WHAT YOU SHOULD DO:
All lines with the word "unfolding" are to be found and copied from the listing.

EXTRACTED INFORMATION:
lemma grp_subset_lessThan: "grp N sh yh a b \<subseteq> {..<N}"
  unfolding grp_def by auto

lemma card_le_ncnt: "A \<subseteq> grp N sh yh a b \<Longrightarrow> card A \<le> ncnt N sh yh a b"
  unfolding ncnt_def using grp_finite by (rule card_mono)

lemma distinct_grp_sorted: "distinct (grp_sorted N sh yh p a b)"
  unfolding grp_sorted_def by simp

lemma set_grp_sorted: "set (grp_sorted N sh yh p a b) = grp N sh yh a b"
  unfolding grp_sorted_def grp_def by auto

lemma sorted_grp_sorted: "sorted (map (\<lambda>i. p ! i) (grp_sorted N sh yh p a b))"
  unfolding grp_sorted_def by simp

lemma Tg_eq_sum_take: "Tg N sh yh p a b k = sum (\<lambda>i. p ! i) (set (take k (grp_sorted N sh yh p a b)))"
  unfolding Tg_def
  by (simp add: sort_map_eq_map_sort_key take_map sum_list_distinct_conv_sum_set
                distinct_grp_sorted flip: grp_sorted_def)

lemma lower_set_grp_take:
  "lower_set (\<lambda>i. p ! i) (grp N sh yh a b) (set (take k (grp_sorted N sh yh p a b)))"
  using lower_set_set_take[OF distinct_grp_sorted sorted_grp_sorted] by (simp add: set_grp_sorted)

lemma card_grp_take:
  assumes "k \<le> ncnt N sh yh a b"
  shows "card (set (take k (grp_sorted N sh yh p a b))) = k"
  using assms distinct_card[OF distinct_grp_sorted]
  by (simp add: ncnt_def set_grp_sorted distinct_card distinct_grp_sorted)

lemma grp_take_subset: "set (take k (grp_sorted N sh yh p a b)) \<subseteq> grp N sh yh a b"
  using set_take_subset[of k "grp_sorted N sh yh p a b"] by (simp only: set_grp_sorted)

lemma exists_lower_set_card:
  fixes p :: "real list"
  assumes "k \<le> ncnt N sh yh a b"
  shows "\<exists>A \<subseteq> grp N sh yh a b. card A = k \<and> lower_set (\<lambda>i. p ! i) (grp N sh yh a b) A"
  using grp_take_subset card_grp_take[OF assms] lower_set_grp_take
  by (intro exI[of _ "set (take k (grp_sorted N sh yh p a b))"] conjI)

lemma Tg_le_sum:
  assumes "A \<subseteq> grp N sh yh a b"
  shows "Tg N sh yh p a b (card A) \<le> sum (\<lambda>i. p ! i) A"
proof -
  have "card (set (take (card A) (grp_sorted N sh yh p a b))) = card A"
    using card_grp_take[OF card_le_ncnt[OF assms]] .
  from lower_set_sum_le[OF grp_finite grp_take_subset assms this lower_set_grp_take]
  show ?thesis unfolding Tg_eq_sum_take .
qed

lemma Tg_eq_sum_iff_lower_set:
  assumes "A \<subseteq> grp N sh yh a b"
  shows "Tg N sh yh p a b (card A) = sum (\<lambda>i. p ! i) A \<longleftrightarrow> lower_set (\<lambda>i. p ! i) (grp N sh yh a b) A"
proof
  assume eq: "Tg N sh yh p a b (card A) = sum (\<lambda>i. p ! i) A"
  show "lower_set (\<lambda>i. p ! i) (grp N sh yh a b) A"
  proof (rule ccontr)
    assume "\<not> ?thesis"
    then obtain B where B: "B \<subseteq> grp N sh yh a b" "card B = card A"
        "sum (\<lambda>i. p ! i) B < sum (\<lambda>i. p ! i) A"
      using sum_gt_if_not_lower_set[OF grp_finite assms] by blast
    have "Tg N sh yh p a b (card B) \<le> sum (\<lambda>i. p ! i) B" using B(1) by (rule Tg_le_sum)
    with B(2,3) eq show False by simp
  qed
next
  assume lower: "lower_set (\<lambda>i. p ! i) (grp N sh yh a b) A"
  have "card (set (take (card A) (grp_sorted N sh yh p a b))) = card A"
    using card_grp_take[OF card_le_ncnt[OF assms]] .
  from lower_set_sum_eq[OF grp_finite grp_take_subset assms this lower_set_grp_take lower]
  show "Tg N sh yh p a b (card A) = sum (\<lambda>i. p ! i) A" unfolding Tg_eq_sum_take .
qed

REPLY TO THE EXERCISE:
  unfolding grp_def by auto
  unfolding ncnt_def using grp_finite by (rule card_mono)
  unfolding grp_sorted_def by simp
  unfolding grp_sorted_def grp_def by auto
  unfolding grp_sorted_def by simp
  unfolding Tg_def
  show ?thesis unfolding Tg_eq_sum_take .
  show "Tg N sh yh p a b (card A) = sum (\<lambda>i. p ! i) A" unfolding Tg_eq_sum_take .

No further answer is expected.